● Excerpted records:
lemma conv_in_prob_qf_self:
  assumes G: "gaussian_seq G t" and t: "filterlim t at_top sequentially"
    and L: "(\<lambda>p. real p / t p) \<longlonglongrightarrow> L"
  shows "conv_in_prob M (\<lambda>p \<omega>. qf p (Sinv p) (G p \<omega>) (G p \<omega>)) L"
proof (rule conv_in_prob_L2[where s="\<lambda>p. real p / t p"])
  show "\<forall>\<^sub>F p in sequentially. (\<lambda>\<omega>. qf p (Sinv p) (G p \<omega>) (G p \<omega>)) \<in> borel_measurable (M p)"
    using G unfolding gaussian_seq_def
    by eventually_elim (intro qf_measurable centered_gaussian.measurable_component scaled_gaussian.axioms(1))
  show "\<forall>\<^sub>F p in sequentially. integrable (M p) (\<lambda>\<omega>. (qf p (Sinv p) (G p \<omega>) (G p \<omega>) - real p / t p)^2)"
    using G unfolding gaussian_seq_def by eventually_elim (rule scaled_gaussian.qf_self_deviation(1))
  have "(\<lambda>p. 2 * (real p / t p) * (1 / t p)) \<longlonglongrightarrow> 2 * L * 0"
    by (intro tendsto_mult tendsto_one_over_at_top t L tendsto_const)
  moreover have "\<forall>\<^sub>F p in sequentially. 2 * (real p / t p) * (1 / t p)
      = integral\<^sup>L (M p) (\<lambda>\<omega>. (qf p (Sinv p) (G p \<omega>) (G p \<omega>) - real p / t p)^2)"
    using G unfolding gaussian_seq_def
    by eventually_elim (subst scaled_gaussian.qf_self_deviation(2), assumption, simp add: power2_eq_square)
  ultimately show "(\<lambda>p. integral\<^sup>L (M p) (\<lambda>\<omega>. (qf p (Sinv p) (G p \<omega>) (G p \<omega>) - real p / t p)^2)) \<longlonglongrightarrow> 0"
    by (simp add: Lim_transform_eventually)
qed (rule L)

lemma conv_in_prob_qf_indep:
  assumes G: "gaussian_seq G t" and H: "gaussian_seq H s"
    and s: "filterlim s at_top sequentially" and L: "(\<lambda>p. real p / t p) \<longlonglongrightarrow> L"
    and indep: "\<forall>\<^sub>F p in sequentially. prob_space.indep_var (M p) (PB p) (G p) (PB p) (H p)"
  shows "conv_in_prob M (\<lambda>p \<omega>. qf p (Sinv p) (G p \<omega>) (H p \<omega>)) 0"
proof (rule conv_in_prob_L2[where s="\<lambda>_. 0"])
  note GH = eventually_conj[OF G[unfolded gaussian_seq_def] H[unfolded gaussian_seq_def]]
  show "\<forall>\<^sub>F p in sequentially. (\<lambda>\<omega>. qf p (Sinv p) (G p \<omega>) (H p \<omega>)) \<in> borel_measurable (M p)"
    using GH
    by eventually_elim
      (intro qf_measurable centered_gaussian.measurable_component scaled_gaussian.axioms(1), auto)
  show "\<forall>\<^sub>F p in sequentially. integrable (M p) (\<lambda>\<omega>. (qf p (Sinv p) (G p \<omega>) (H p \<omega>) - 0)^2)"
    using eventually_conj[OF GH indep] by eventually_elim (elim conjE, simp add: qf_indep_square(1))
  have "(\<lambda>p. (real p / t p) * (1 / s p)) \<longlonglongrightarrow> L * 0"
    by (intro tendsto_mult tendsto_one_over_at_top s L)
  moreover have "\<forall>\<^sub>F p in sequentially. (real p / t p) * (1 / s p)
      = integral\<^sup>L (M p) (\<lambda>\<omega>. (qf p (Sinv p) (G p \<omega>) (H p \<omega>) - 0)^2)"
    using eventually_conj[OF GH indep] by eventually_elim (auto simp: qf_indep_square(2))
  ultimately show "(\<lambda>p. integral\<^sup>L (M p) (\<lambda>\<omega>. (qf p (Sinv p) (G p \<omega>) (H p \<omega>) - 0)^2)) \<longlonglongrightarrow> 0"
    by (simp add: Lim_transform_eventually)
qed simp

text \<open>Distinct random components are functions of disjoint blocks of the independent family.\<close>

definition block :: "nat \<Rightarrow> nat \<Rightarrow> rvidx set" where
  "block j p = (if j < 4 then {MuI (j - 2)} else NoiseI (j - 4) ` {..<n (j - 4) p})"

definition block_map :: "nat \<Rightarrow> nat \<Rightarrow> (rvidx \<Rightarrow> nat \<Rightarrow> real) \<Rightarrow> nat \<Rightarrow> real" where
  "block_map j p f = (if j < 4 then restrict (\<lambda>k. f (MuI (j - 2)) k - m (j - 2) p k) {..<p}
     else restrict (\<lambda>k. (\<Sum>l<n (j - 4) p. f (NoiseI (j - 4) l) k) / real (n (j - 4) p)) {..<p})"

lemma block_map_measurable: "block_map j p \<in> measurable (PiM (block j p) (\<lambda>_. PB p)) (PB p)"
proof -
  have coordinate: "a \<in> A \<Longrightarrow> k < p \<Longrightarrow> (\<lambda>f. f a k) \<in> borel_measurable (PiM A (\<lambda>_. PB p))" for a A k
    using measurable_compose[OF measurable_component_singleton[of a A "\<lambda>_. PB p"]
        measurable_component_singleton[of k "{..<p}" "\<lambda>_. borel"]]
    by simp
  show ?thesis
    unfolding block_map_def[abs_def] block_def
    by (cases "j < 4")
      (auto intro!: measurable_restrict borel_measurable_diff borel_measurable_divide borel_measurable_sum
        coordinate measurable_const)
qed

lemma component_eq_block_map:
  "2 \<le> j \<Longrightarrow> j < 6 \<Longrightarrow> component j p \<omega> = block_map j p (restrict (\<lambda>r. model_vectors p r \<omega>) (block j p))"
  unfolding component_def block_map_def block_def
  by (auto simp: mean_dev_def avg_noise_def model_vectors_def intro!: ext sum.cong)

lemma indep_components:
  assumes "2 \<le> i" "i < 6" "2 \<le> j" "j < 6" "i \<noteq> j"
  shows "prob_space.indep_var (M p) (PB p) (component i p) (PB p) (component j p)"
proof -
  interpret prob_space "M p" by (rule prob)
  have "block i p \<inter> block j p = {}" "block i p \<subseteq> indices p" "block j p \<subseteq> indices p"
    using assms by (auto simp: block_def)
  from indep_var_restrict[OF indep[of p, folded model_vectors_def] this]
  have "indep_var (PB p) (block_map i p \<circ> (\<lambda>\<omega>. restrict (\<lambda>r. model_vectors p r \<omega>) (block i p)))
      (PB p) (block_map j p \<circ> (\<lambda>\<omega>. restrict (\<lambda>r. model_vectors p r \<omega>) (block j p)))"
    by (rule indep_var_compose[OF _ block_map_measurable block_map_measurable])
  moreover have "component i p = block_map i p \<circ> (\<lambda>\<omega>. restrict (\<lambda>r. model_vectors p r \<omega>) (block i p))"
    "component j p = block_map j p \<circ> (\<lambda>\<omega>. restrict (\<lambda>r. model_vectors p r \<omega>) (block j p))"
    using assms by (auto simp: fun_eq_iff component_eq_block_map)
  ultimately show ?thesis by simp
qed

lemma conv_in_prob_qf_component:
  assumes i: "i < 6" and j: "j < 6"
  shows "conv_in_prob M (\<lambda>p \<omega>. qf p (Sinv p) (component i p \<omega>) (component j p \<omega>)) (component_limit i j)"
proof -
  have fixed: "conv_in_prob M (\<lambda>p \<omega>. qf p (Sinv p) (m a p) (component b p \<omega>)) 0"
    if "a < 2" "2 \<le> b" "b < 6" for a b
    using that by (intro conv_in_prob_qf_fixed[where t="rate b"] gaussian_seq_component rate_tendsto m_conv) auto
  consider "i < 2" "j < 2" | "i < 2" "2 \<le> j" | "2 \<le> i" "j < 2" | "2 \<le> i" "2 \<le> j" "i = j"
    | "2 \<le> i" "2 \<le> j" "i \<noteq> j"
    by linarith
  then show ?thesis
  proof cases
    case 1
    then show ?thesis
      by (auto intro!: conv_in_prob_const m_limit simp: component_def component_limit_def)
  next
    case 2
    then show ?thesis using fixed[of i j] j by (simp add: component_def component_limit_def)
  next
    case 3
    then show ?thesis
      using fixed[of j i] i by (subst qf_Sinv_commute) (simp add: component_def component_limit_def)
  next
    case 4
    have "conv_in_prob M (\<lambda>p \<omega>. qf p (Sinv p) (component j p \<omega>) (component j p \<omega>)) (component_limit j j)"
      using 4 j
      by (intro conv_in_prob_qf_self[where t="rate j"] gaussian_seq_component rate_tendsto p_over_rate_tendsto)
    then show ?thesis using 4 by simp
  next
    case 5
    then have "conv_in_prob M (\<lambda>p \<omega>. qf p (Sinv p) (component i p \<omega>) (component j p \<omega>)) 0"
      using i j by (intro conv_in_prob_qf_indep[where t="rate i" and s="rate j" and L="component_limit i i"] gaussian_seq_component rate_tendsto p_over_rate_tendsto
          always_eventually allI indep_components) auto
    then show ?thesis using 5 by (simp add: component_limit_def)
  qed
qed

section \<open>The quadratic forms of the LDA error as combinations of the components\<close>

abbreviation xbar :: "nat \<Rightarrow> nat \<Rightarrow> 'a \<Rightarrow> nat \<Rightarrow> real" where
  "xbar i p \<omega> \<equiv> smean (n i p) (\<lambda>j. X p i j \<omega>)"

definition combo :: "(nat \<Rightarrow> real) \<Rightarrow> nat \<Rightarrow> 'a \<Rightarrow> nat \<Rightarrow> real" where
  "combo c p \<omega> = (\<lambda>k. \<Sum>j<6. c j * component j p \<omega> k)"

definition shrink :: "nat \<Rightarrow> nat \<Rightarrow> real" where
  "shrink i p = real (n i p) / (real (n i p) + nu i p)"

text \<open>Coefficients of \<open>x\<^sub>0 - x\<^sub>1\<close>, of \<open>\<mu>\<^sub>i - (x\<^sub>0 + x\<^sub>1)/2\<close> and of \<open>m\<^sub>i\<^sup>* - (x\<^sub>0 + x\<^sub>1)/2\<close> in the components,
  where \<open>m\<^sub>i\<^sup>* = m\<^sub>i + s (W\<^sub>i + Z\<^sub>i)\<close> with the shrinkage \<open>s = n\<^sub>i/(n\<^sub>i + \<nu>\<^sub>i)\<close>.\<close>

definition coef_diff :: "nat \<Rightarrow> real" where
  "coef_diff j = (-1) ^ j"

definition coef_true :: "nat \<Rightarrow> nat \<Rightarrow> real" where
  "coef_true i j = (if j < 4 \<and> j mod 2 = i then 1/2 else -1/2)"

definition coef_bee :: "nat \<Rightarrow> real \<Rightarrow> nat \<Rightarrow> real" where
  "coef_bee i s j = (if j mod 2 = i then (if j < 2 then 1/2 else s - 1/2) else -1/2)"

lemma combo_eq: "combo c p \<omega> k = c 0 * m 0 p k + c 1 * m 1 p k + c 2 * mean_dev 0 p \<omega> k
    + c 3 * mean_dev 1 p \<omega> k + c 4 * avg_noise 0 p \<omega> k + c 5 * avg_noise 1 p \<omega> k"
  by (simp add: combo_def component_def eval_nat_numeral)

lemma xbar_decomp:
  "i < 2 \<Longrightarrow> 0 < n i p \<Longrightarrow> k < p \<Longrightarrow> xbar i p \<omega> k = m i p k + mean_dev i p \<omega> k + avg_noise i p \<omega> k"
  by (simp add: smean_def mean_dev_def avg_noise_def sum_subtractf field_simps)

lemma diff_eq_combo:
  "0 < n 0 p \<Longrightarrow> 0 < n 1 p \<Longrightarrow> k < p \<Longrightarrow> xbar 0 p \<omega> k - xbar 1 p \<omega> k = combo coef_diff p \<omega> k"
  by (simp add: combo_eq xbar_decomp coef_diff_def)

lemma true_eq_combo:
  assumes "i < 2" "0 < n 0 p" "0 < n 1 p" "k < p"
  shows "mu p i \<omega> k - (xbar 0 p \<omega> k + xbar 1 p \<omega> k) / 2 = combo (coef_true i) p \<omega> k"
proof -
  have mu: "mu p i \<omega> k = m i p k + mean_dev i p \<omega> k" using assms(4) by (simp add: mean_dev_def)
  consider "i = 0" | "i = 1" using assms(1) by linarith
  then show ?thesis
    using assms mu by cases (simp_all add: combo_eq xbar_decomp coef_true_def field_simps)
qed

lemma bee_eq_combo:
  assumes "i < 2" "0 < n 0 p" "0 < n 1 p" "k < p"
  shows "(real (n i p) * xbar i p \<omega> k + nu i p * m i p k) / (real (n i p) + nu i p)
      - (xbar 0 p \<omega> k + xbar 1 p \<omega> k) / 2 = combo (coef_bee i (shrink i p)) p \<omega> k"
proof -
  have "0 < n i p" using assms(1-3) by (auto simp: less_2_cases_iff)
  moreover have "real (n i p) + nu i p \<noteq> 0" using nu_pos[OF assms(1), of p] by simp
  ultimately have mstar: "(real (n i p) * xbar i p \<omega> k + nu i p * m i p k) / (real (n i p) + nu i p)
      = m i p k + shrink i p * (mean_dev i p \<omega> k + avg_noise i p \<omega> k)"
    using assms by (simp add: xbar_decomp shrink_def field_simps)
  consider "i = 0" | "i = 1" using assms(1) by linarith
  then show ?thesis
    using assms mstar by cases (simp_all add: combo_eq xbar_decomp coef_bee_def field_simps)
qed

lemma shrink_tendsto: "i < 2 \<Longrightarrow> shrink i \<longlonglongrightarrow> 1 / (1 + gam i)"
proof -
  assume i: "i < 2"
  have "(\<lambda>p. 1 / (1 + nu i p / real (n i p))) \<longlonglongrightarrow> 1 / (1 + gam i)"
    using gam_pos[OF i] by (intro tendsto_divide tendsto_add tendsto_const gam_lim i) auto
  moreover have "\<forall>\<^sub>F p in sequentially. 1 / (1 + nu i p / real (n i p)) = shrink i p"
    using n_pos_eventually[OF i] by eventually_elim (simp add: shrink_def field_simps)
  ultimately show ?thesis by (rule Lim_transform_eventually)
qed

lemma conv_in_prob_qf_combo:
  assumes "\<And>j. j < 6 \<Longrightarrow> (\<lambda>p. c p j) \<longlonglongrightarrow> \<alpha> j" and "\<And>j. j < 6 \<Longrightarrow> (\<lambda>p. d p j) \<longlonglongrightarrow> \<beta> j"
  shows "conv_in_prob M (\<lambda>p \<omega>. qf p (Sinv p) (combo (c p) p \<omega>) (combo (d p) p \<omega>))
           (\<Sum>i<6. \<Sum>j<6. \<alpha> i * \<beta> j * component_limit i j)"
  unfolding combo_def qf_sum_sum by (rule conv_in_prob_bilinear[OF conv_in_prob_qf_component assms])

lemma Dbar2_eq: "Dbar2 = m_limit 0 0 - m_limit 0 1 - m_limit 1 0 + m_limit 1 1"
proof -
  have "(\<lambda>p. qf p (Sinv p) (\<lambda>k. m 0 p k - m 1 p k) (\<lambda>k. m 0 p k - m 1 p k))
      \<longlonglongrightarrow> m_limit 0 0 - m_limit 0 1 - (m_limit 1 0 - m_limit 1 1)"
    unfolding qf_diff_left qf_diff_right by (intro tendsto_diff m_limit) auto
  from LIMSEQ_unique[OF Dbar this] show ?thesis by simp
qed

abbreviation F :: real where
  "F \<equiv> Dbar2 + J 0 + J 1 + J 0 / gam 0 + J 1 / gam 1"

● Exercise directions: Take the lines from the first line of the records through the line holding "by eventually_elim (intro", both included, and please reproduce them exactly with nothing added.

● Exercise output:
lemma conv_in_prob_qf_self:
  assumes G: "gaussian_seq G t" and t: "filterlim t at_top sequentially"
    and L: "(\<lambda>p. real p / t p) \<longlonglongrightarrow> L"
  shows "conv_in_prob M (\<lambda>p \<omega>. qf p (Sinv p) (G p \<omega>) (G p \<omega>)) L"
proof (rule conv_in_prob_L2[where s="\<lambda>p. real p / t p"])
  show "\<forall>\<^sub>F p in sequentially. (\<lambda>\<omega>. qf p (Sinv p) (G p \<omega>) (G p \<omega>)) \<in> borel_measurable (M p)"
    using G unfolding gaussian_seq_def
    by eventually_elim (intro qf_measurable centered_gaussian.measurable_component scaled_gaussian.axioms(1))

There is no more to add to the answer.